- Directed by: Claude Cariven
- Written by: Claude Cariven
- Produced by: Maggie Gillet Pierre Gillet
- Starring: Robert Dhéry; Colette Brosset; Louis de Funès;
- Cinematography: Jacques Robin
- Edited by: Etiennette Muse
- Music by: Marcel Stern
- Production companies: Jeannic Films Sud Films
- Distributed by: Jeannic Films
- Release date: 27 June 1952;
- Running time: 76 minutes
- Country: France
- Language: French

= Love Is Not a Sin =

1952 film by Claude Cariven

Love Is Not a Sin (French: L'amour n'est pas un pêché) is a 1952 French comedy film directed by Claude Cariven and starring Robert Dhéry, Colette Brosset and Louis de Funès.
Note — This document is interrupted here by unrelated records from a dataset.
(*
  The points are arranged so that f^2 maps [v, z0] over [Min P, z0] and f^4 sends u0' to z0;
  hence every odd iterate f^j with j \<ge> 5 sends u0' to f z0 \<ge> z0.

  Suppose y \<in> [u0', mu n] has odd least period k < m + 2n. The orbit of y never meets d,
  for otherwise it would meet z0, whose orbit {z0, f z0} lies to the right of v. So
  f^2 y < d < y, which excludes k = 1, and some odd iterate f^j y with 5 \<le> j \<le> m + 2n lies
  left of v (j = k, or j = 5 when k = 3). By the intermediate value theorem f^j maps
  [u0', y] over [f^j y, z0], and following it by an even iterate of f on [v, z0] yields
  x \<in> [u0', y] with f^(m+2n) x = d. Minimality of mu n forces x = y, a contradiction.
*)

theory Submission
  imports Defs
begin

lemma funpow_self_map:
  assumes "continuous_on S f" "f ` S \<subseteq> S"
  shows "continuous_on S (f ^^ n) \<and> (f ^^ n) ` S \<subseteq> S"
proof (induction n)
  case (Suc n)
  then show ?case
    using assms by (auto intro: continuous_on_compose2[OF assms(1)])
qed simp

lemma IVT_between:
  fixes g :: "real \<Rightarrow> real"
  assumes "continuous_on {s..t} g" "s \<le> t" "min (g s) (g t) \<le> c" "c \<le> max (g s) (g t)"
  shows "\<exists>x\<in>{s..t}. g x = c"
proof -
  have "c \<in> closed_segment (g s) (g t)"
    using assms(3,4) by (auto simp: closed_segment_eq_real_ivl)
  then show ?thesis
    using IVT'_closed_segment_real[of c g s t] assms(1,2) by (simp add: closed_segment_eq_real_ivl)
qed

lemma level_set_Inf_Sup:
  fixes h :: "real \<Rightarrow> real"
  assumes "continuous_on {s..t} h" "x \<in> {s..t}" "h x = c"
  defines "L \<equiv> {x \<in> {s..t}. h x = c}"
  shows "Inf L \<in> L" "Sup L \<in> L" "\<And>y. y \<in> L \<Longrightarrow> Inf L \<le> y" "\<And>y. y \<in> L \<Longrightarrow> y \<le> Sup L"
proof -
  have "closed L"
    using continuous_closed_preimage_constant[OF assms(1)] by (simp add: L_def)
  moreover have "L \<noteq> {}" "bdd_below L" "bdd_above L"
    using assms(2,3) by (auto simp: L_def intro!: bdd_belowI bdd_aboveI)
  ultimately show "Inf L \<in> L" "Sup L \<in> L" "\<And>y. y \<in> L \<Longrightarrow> Inf L \<le> y" "\<And>y. y \<in> L \<Longrightarrow> y \<le> Sup L"
    by (auto intro: closed_contains_Inf closed_contains_Sup cInf_lower cSup_upper)
qed

lemma first_fixed_point:
  fixes h :: "real \<Rightarrow> real"
  assumes cont: "continuous_on {s..t} h" and "h s < s" "h t = t" "s \<le> t"
  defines "w \<equiv> Inf {x \<in> {s..t}. h x = x}"
  shows "s < w" "w \<le> t" "h w = w" "\<And>x. s \<le> x \<Longrightarrow> x < w \<Longrightarrow> h x < x"
proof -
  have "continuous_on {s..t} (\<lambda>x. h x - x)"
    using cont by (intro continuous_intros)
  note L = level_set_Inf_Sup[OF this, of t 0]
  have eq: "{x \<in> {s..t}. h x - x = 0} = {x \<in> {s..t}. h x = x}"
    by auto
  have w: "w \<in> {s..t}" "h w = w" and w_le: "\<And>y. y \<in> {s..t} \<Longrightarrow> h y = y \<Longrightarrow> w \<le> y"
    using L assms(3,4) by (auto simp: eq w_def)
  show "h w = w" "w \<le> t"
    using w by auto
  show "s < w"
    using w assms(2) by (cases "w = s") auto
  show "h x < x" if x: "s \<le> x" "x < w" for x
  proof (rule ccontr)
    assume "\<not> h x < x"
    moreover have "continuous_on {s..x} (\<lambda>x. h x - x)"
      using x w by (intro continuous_intros continuous_on_subset[OF cont]) auto
    ultimately obtain y where "y \<in> {s..x}" "h y - y = 0"
      using IVT_between[of s x "\<lambda>x. h x - x" 0] x assms(2) by auto
    then show False
      using w_le[of y] x w by auto
  qed
qed

lemma funpow_crossing:
  fixes g :: "'a::linorder \<Rightarrow> 'a"
  assumes "x < c" "c \<le> (g ^^ N) x"
  shows "\<exists>i<N. (g ^^ i) x < c \<and> c \<le> (g ^^ Suc i) x"
  using assms(2)
proof (induction N)
  case 0
  then show ?case using assms(1) by simp
next
  case (Suc N)
  show ?case
  proof (cases "c \<le> (g ^^ N) x")
    case True
    with Suc.IH show ?thesis
      using less_SucI by blast
  next
    case False
    with Suc.prems show ?thesis
      by (intro exI[of _ N]) auto
  qed
qed

lemma funpow_image_superset:
  assumes "T \<subseteq> g ` S" "S \<subseteq> T"
  shows "T \<subseteq> (g ^^ Suc i) ` S"
proof (induction i)
  case (Suc i)
  have "T \<subseteq> (g ^^ Suc i) ` S" by (fact Suc)
  also have "\<dots> \<subseteq> (g ^^ Suc i) ` g ` S"
    using assms by (intro image_mono) auto
  also have "\<dots> = (g ^^ Suc (Suc i)) ` S"
    by (simp only: funpow_Suc_right image_comp)
  finally show ?case .
qed (use assms in simp)

lemma funpow_mod_period:
  assumes "(f ^^ k) p = p"
  shows "(f ^^ n) p = (f ^^ (n mod k)) p"
proof -
  have fixed: "((f ^^ k) ^^ r) p = p" for r
    by (induction r) (simp_all add: assms)
  have "(f ^^ n) p = (f ^^ (n mod k + k * (n div k))) p"
    by simp
  also have "\<dots> = (f ^^ (n mod k)) (((f ^^ k) ^^ (n div k)) p)"
    by (simp only: funpow_add funpow_mult comp_apply)
  also have "\<dots> = (f ^^ (n mod k)) p"
    by (simp only: fixed)
  finally show ?thesis .
qed

lemma periodic_point_in_orbit:
  assumes "(f ^^ k) y = y" "0 < k"
  shows "\<exists>r. (f ^^ r) ((f ^^ s) y) = y"
proof
  have "(f ^^ (k * s - s)) ((f ^^ s) y) = (f ^^ (k * s - s + s)) y"
    by (simp only: funpow_add comp_apply)
  also have "k * s - s + s = k * s"
    using assms(2) by simp
  also have "(f ^^ (k * s)) y = y"
    using funpow_mod_period[OF assms(1), of "k * s"] by simp
  finally show "(f ^^ (k * s - s)) ((f ^^ s) y) = y" .
qed

lemma periodic_orbitD:
  assumes "periodic_orbit f S k P" "f ` S \<subseteq> S"
  shows "finite P" "P \<noteq> {}" "P \<subseteq> S"
    and "\<And>q j. q \<in> P \<Longrightarrow> (f ^^ j) q \<in> P" "\<And>q. q \<in> P \<Longrightarrow> (f ^^ k) q = q"
proof -
  obtain p where p: "p \<in> S" "least_period f k p" and P: "P = (\<lambda>i. (f ^^ i) p) ` {..<k}"
    using assms(1) unfolding periodic_orbit_def by blast
  have k: "0 < k" "(f ^^ k) p = p"
    using p(2) by (auto simp: least_period_def)
  show "finite P" "P \<noteq> {}"
    using P k by auto
  have "(f ^^ i) p \<in> S" for i
    using p(1) assms(2) by (induction i) auto
  then show "P \<subseteq> S"
    using P by auto
  have shift: "(f ^^ j) ((f ^^ i) p) = (f ^^ ((j + i) mod k)) p" for i j
    using funpow_mod_period[OF k(2)] by (simp add: funpow_add)
  show "(f ^^ j) q \<in> P" if "q \<in> P" for q j
    using that k(1) by (auto simp: P shift)
  show "(f ^^ k) q = q" if "q \<in> P" for q
    using that by (auto simp: P shift)
qed

locale odd_orbit_setting =
  fixes f :: "real \<Rightarrow> real" and a b :: real and m :: nat and P :: "real set" and v z :: real
  assumes cont: "continuous_on {a..b} f"
    and maps: "f ` {a..b} \<subseteq> {a..b}"
    and m_odd: "odd m" and m_ge: "m \<ge> 3"
    and orb: "periodic_orbit f {a..b} m P"
    and v_in: "v \<in> {Min P ..< (f ^^ (m - 1)) (Min P)}"
    and v_map: "f v = (f ^^ (m - 1)) (Min P)"
    and z_in: "z \<in> {v <..< (f ^^ (m - 1)) (Min P)}"
    and z_fix: "f z = z"
begin

abbreviation e :: real where "e \<equiv> (f ^^ (m - 1)) (Min P)"

lemmas orbit = periodic_orbitD[OF orb maps]

lemma Min_P_in: "Min P \<in> P"
  using orbit(1,2) by simp

lemma continuous_on_funpow: "a \<le> s \<Longrightarrow> t \<le> b \<Longrightarrow> continuous_on {s..t} (f ^^ N)"
  by (rule continuous_on_subset[OF conjunct1[OF funpow_self_map[OF cont maps]]]) auto

lemma f_e: "f e = Min P"
proof -
  have "f e = (f ^^ Suc (m - 1)) (Min P)"
    by simp
  also have "Suc (m - 1) = m"
    using m_ge by simp
  finally show ?thesis
    using orbit(5)[OF Min_P_in] by simp
qed

lemma f2_v: "(f ^^ 2) v = Min P"
  using v_map f_e by (simp add: numeral_2_eq_2)

lemma Min_P_less_v: "Min P < v"
proof -
  have "(f ^^ 2) (Min P) \<noteq> Min P"
  proof
    assume "(f ^^ 2) (Min P) = Min P"
    moreover have "(m - 1) mod 2 = 0"
      using m_odd by presburger
    ultimately have "e = Min P"
      using funpow_mod_period[where f = f and k = 2 and p = "Min P" and n = "m - 1"] by simp
    then show False
      using v_in by simp
  qed
  then have "v \<noteq> Min P"
    using f2_v by auto
  then show ?thesis
    using v_in by simp
qed

lemma interval_bounds: "a \<le> Min P" "v < z" "z < e" "e \<le> b"
proof -
  have "e \<in> P"
    using orbit(4)[OF Min_P_in] .
  then show "a \<le> Min P" "e \<le> b"
    using Min_P_in orbit(3) by auto
qed (use z_in in auto)

definition z0 :: real where "z0 = Inf {x \<in> {v..z}. (f ^^ 2) x = x}"

lemma z0_props: "v < z0" "z0 \<le> z" "(f ^^ 2) z0 = z0" "\<And>x. v \<le> x \<Longrightarrow> x < z0 \<Longrightarrow> (f ^^ 2) x < x"
proof -
  have "(f ^^ 2) z = z"
    using z_fix by (simp add: numeral_2_eq_2)
  moreover have "continuous_on {v..z} (f ^^ 2)"
    using interval_bounds Min_P_less_v by (intro continuous_on_funpow) auto
  ultimately show "v < z0" "z0 \<le> z" "(f ^^ 2) z0 = z0" "\<And>x. v \<le> x \<Longrightarrow> x < z0 \<Longrightarrow> (f ^^ 2) x < x"
    using first_fixed_point[of v z "f ^^ 2"] f2_v Min_P_less_v interval_bounds
    unfolding z0_def by auto
qed

text \<open>Otherwise f would have a fixed point in [v, z0), since f v = e > v.\<close>
lemma z0_le_f_z0: "z0 \<le> f z0"
proof (rule ccontr)
  assume "\<not> z0 \<le> f z0"
  moreover have "continuous_on {v..z0} (\<lambda>x. f x - x)"
    using continuous_on_funpow[of v z0 1] interval_bounds Min_P_less_v z0_props
    by (auto intro!: continuous_intros)
  ultimately obtain x where x: "x \<in> {v..z0}" "f x - x = 0"
    using IVT_between[of v z0 "\<lambda>x. f x - x" 0] z0_props(1) v_map v_in by force
  then have "x < z0"
    using \<open>\<not> z0 \<le> f z0\<close> by (cases "x = z0") auto
  then show False
    using z0_props(4)[of x] x by (simp add: numeral_2_eq_2)
qed

lemma funpow_z0: "(f ^^ r) z0 = (if even r then z0 else f z0)"
  using funpow_mod_period[OF z0_props(3), of r] by (simp add: odd_iff_mod_2_eq_one)

definition d :: real where "d = Sup {x \<in> {Min P..v}. (f ^^ 2) x = z0}"
lemma corrected_balance_step:
  assumes "j \<in> V"
  shows "balance E (f k) j + pending j k - (\<Sum>e\<in>set (ord j). \<bar>c k j e\<bar>)
    \<le> balance E (f (Suc k)) j + pending j (Suc k)"
proof -
  let ?In = "{e\<in>E. fst e = j}" and ?Out = "{e\<in>E. snd e = j}"
  let ?P = "\<lambda>k e. in_flight (\<lambda>k0. c k0 j e) (dH e) k"
  have "(\<Sum>e\<in>?In. f k e + ?P k e - \<bar>c k j e\<bar>) \<le> (\<Sum>e\<in>?In. f (Suc k) e + ?P (Suc k) e)"
  proof (rule sum_mono)
    fix e assume "e \<in> ?In"
    then have e: "e \<in> E" and "fst e = j" by auto
    then show "f k e + ?P k e - \<bar>c k j e\<bar> \<le> f (Suc k) e + ?P (Suc k) e"
      using edge_run.f_Suc[OF edge_run[OF e], of k] edge_run.ct_nonneg[OF edge_run[OF e], of k]
        in_flight_Suc[of "\<lambda>k0. c k0 j e" "dH e" k]
      by simp
  qed
  moreover have "(\<Sum>e\<in>?Out. f (Suc k) e) \<le> (\<Sum>e\<in>?Out. f k e + \<bar>c k j e\<bar>)"
  proof (rule sum_mono)
    fix e assume "e \<in> ?Out"
    then have e: "e \<in> E" and "snd e = j" by auto
    then show "f (Suc k) e \<le> f k e + \<bar>c k j e\<bar>"
      using edge_run.f_Suc[OF edge_run[OF e], of k] edge_run.delivered_ch_nonpos[OF edge_run[OF e], of k]
      by simp
  qed
  moreover have "(\<Sum>e\<in>set (ord j). \<bar>c k j e\<bar>) = (\<Sum>e\<in>?In. \<bar>c k j e\<bar>) + (\<Sum>e\<in>?Out. \<bar>c k j e\<bar>)"
  proof -
    have "set (ord j) = ?In \<union> ?Out" and "?In \<inter> ?Out = {}"
      using set_ord[OF assms] no_loop by auto
    then show ?thesis
      using finite_E by (simp add: sum.union_disjoint)
  qed
  ultimately show ?thesis
    unfolding balance_def pending_def sum.distrib sum_subtractf by linarith
qed

lemma balance_nonneg_Suc:
  assumes "j \<in> V" and "0 \<le> balance E (f k) j"
  shows "0 \<le> balance E (f (Suc k)) j"
proof (rule nonneg_persists_with_pending_debits[where P = "pending j" and s = "\<lambda>k. \<Sum>e\<in>set (ord j). \<bar>c k j e\<bar>"])
  show "(\<Sum>e\<in>set (ord j). \<bar>c k' j e\<bar>) \<le> max (balance E (f k') j + pending j k') 0" for k'
    using sum_abs_c_le[OF assms(1), of k'] pbalance_le_corrected_balance[of k' j] by linarith
qed (use assms pending_0 pending_nonpos pending_mono_if_idle corrected_balance_step
      in \<open>auto intro: sum_nonneg\<close>)

end
lemma tail_prob_vanishes:
  fixes p :: "'e pmf" and f :: "'e \<Rightarrow> real"
  shows "(\<lambda>n. measure_pmf.prob p {e. real n \<le> f e}) \<longlonglongrightarrow> 0"
proof -
  have "(\<lambda>n. measure_pmf.prob p {e. real n \<le> f e})
      \<longlonglongrightarrow> measure_pmf.prob p (\<Inter>n. {e. real n \<le> f e})"
    by (rule measure_pmf.finite_Lim_measure_decseq) (auto simp: decseq_def)
  moreover have "(\<Inter>n. {e. real n \<le> f e}) = {}"
  proof -
    have "\<not> (\<forall>n. real n \<le> f e)" for e
      using reals_Archimedean2[of "f e"] by (auto simp: not_le)
    then show ?thesis by auto
  qed
  ultimately show ?thesis by simp
qed

lemma tail_prob_left_continuous:
  fixes p :: "'e pmf" and f :: "'e \<Rightarrow> real"
  shows "(\<lambda>n. measure_pmf.prob p {e. T - 1 / real (Suc n) \<le> f e})
      \<longlonglongrightarrow> measure_pmf.prob p {e. T \<le> f e}"
proof -
  have step_mono: "T - 1 / real (Suc m) \<le> T - 1 / real (Suc n)" if "m \<le> n" for m n :: nat
    using that by (intro diff_left_mono divide_left_mono) auto
  have "(\<lambda>n. measure_pmf.prob p {e. T - 1 / real (Suc n) \<le> f e})
      \<longlonglongrightarrow> measure_pmf.prob p (\<Inter>n. {e. T - 1 / real (Suc n) \<le> f e})"
  proof (rule measure_pmf.finite_Lim_measure_decseq)
    show "decseq (\<lambda>n. {e. T - 1 / real (Suc n) \<le> f e})"
      unfolding decseq_def using step_mono by (blast intro: order_trans)
  qed auto
  moreover have "(\<Inter>n. {e. T - 1 / real (Suc n) \<le> f e}) = {e. T \<le> f e}"
  proof (intro set_eqI iffI)
    fix e assume e: "e \<in> (\<Inter>n. {e. T - 1 / real (Suc n) \<le> f e})"
    show "e \<in> {e. T \<le> f e}"
    proof (rule ccontr)
      assume "e \<notin> {e. T \<le> f e}"
      then obtain n where "inverse (real (Suc n)) < T - f e"
        using reals_Archimedean[of "T - f e"] by auto
      moreover have "T - 1 / real (Suc n) \<le> f e" using e by blast
      ultimately show False by (simp add: divide_inverse del: of_nat_Suc)
    qed
  next
    fix e assume "e \<in> {e. T \<le> f e}"
    then have "T - 1 / real (Suc n) \<le> f e" for n
      using divide_nonneg_nonneg[of 1 "real (Suc n)"] by (simp only: mem_Collect_eq) linarith
    then show "e \<in> (\<Inter>n. {e. T - 1 / real (Suc n) \<le> f e})" by blast
  qed
  ultimately show ?thesis by simp
qed

text \<open>Existence of the largest threshold t >= 0 with P(f(X) >= t) >= alpha, for a non-negative
  score f and 0 < alpha <= 1: it is the supremum of all such t.\<close>
lemma largest_threshold_exists:
  fixes p :: "'e pmf" and f :: "'e \<Rightarrow> real" and \<alpha> :: real
  assumes f_nonneg: "\<And>e. f e \<ge> 0" and alpha: "0 < \<alpha>" "\<alpha> \<le> 1"
  shows "\<exists>T. T \<ge> 0 \<and> measure_pmf.prob p {e. f e \<ge> T} \<ge> \<alpha>
             \<and> (\<forall>t\<ge>0. measure_pmf.prob p {e. f e \<ge> t} \<ge> \<alpha> \<longrightarrow> t \<le> T)"
proof -
  define F where "F t = measure_pmf.prob p {e. f e \<ge> t}" for t
  define S where "S = {t. 0 \<le> t \<and> \<alpha> \<le> F t}"
  define T where "T = Sup S"
  have F_antimono: "F t \<le> F u" if "u \<le> t" for u t
    unfolding F_def using that by (intro measure_pmf.finite_measure_mono) auto
  have "0 \<in> S"
    using f_nonneg alpha by (simp add: S_def F_def measure_pmf.prob_space)
  obtain n where n: "F (real n) < \<alpha>"
    using order_tendstoD(2)[OF tail_prob_vanishes[of p f] alpha(1)]
    by (auto simp: F_def eventually_sequentially)
  have "t \<le> real n" if "t \<in> S" for t
    using that n F_antimono[of "real n" t] by (force simp: S_def)
  then have bdd: "bdd_above S" by (auto simp: bdd_above_def)
  then have upper: "t \<le> T" if "t \<in> S" for t
    unfolding T_def using that by (intro cSup_upper)
  have approx: "\<alpha> \<le> F (T - 1 / real (Suc n))" for n
  proof -
    obtain t where "t \<in> S" "T - 1 / real (Suc n) < t"
      using \<open>0 \<in> S\<close> less_cSupE[of "T - 1 / real (Suc n)" S] unfolding T_def by auto
    then show ?thesis using F_antimono[of "T - 1 / real (Suc n)" t] by (auto simp: S_def)
  qed
  have "\<alpha> \<le> F T"
    using tail_prob_left_continuous[of p T f] approx
    by (intro tendsto_lowerbound[where F=sequentially]) (auto simp: F_def)
  then show ?thesis
    using upper \<open>0 \<in> S\<close> unfolding F_def S_def by (intro exI[of _ T]) auto
qed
It was shot at the Billancourt Studios in Paris. The film's sets were designed by the art director Raymond Gabutti.

==Synopsis==
A leader of an anti-female organisation and a feminist live next door and quarrel violently. Eventually they will end up reconciling.

== Cast ==
- Robert Dhéry as Jacques Loursier, president of the l'U.R.A.F
- Colette Brosset as Eliane Cahuzac, chairwoman of the l'A.P.T.I.D.L.F
- Maryse Martin as the concierge of the building
- Paul Demange as a tenant
- André Chanu as the commander Durmel
- Jacques Legras as Mr Vaugerel, member of the association
- Roger Saget as a mover
- Pierre Duncan as a mover
- Guy Henry as a mover
- Gérard Darrieu as a mover
- Jacky Blanchot as a mover
- Verlor et Davril as the singers of the restaurant
- Mario David as the agent in the staircase
- Louis de Funès as Mr Cottin, member of the U.R.A.F

==Bibliography==
- Dicale, Bertrand. Louis de Funès, grimaces et gloire. Grasset, 2009.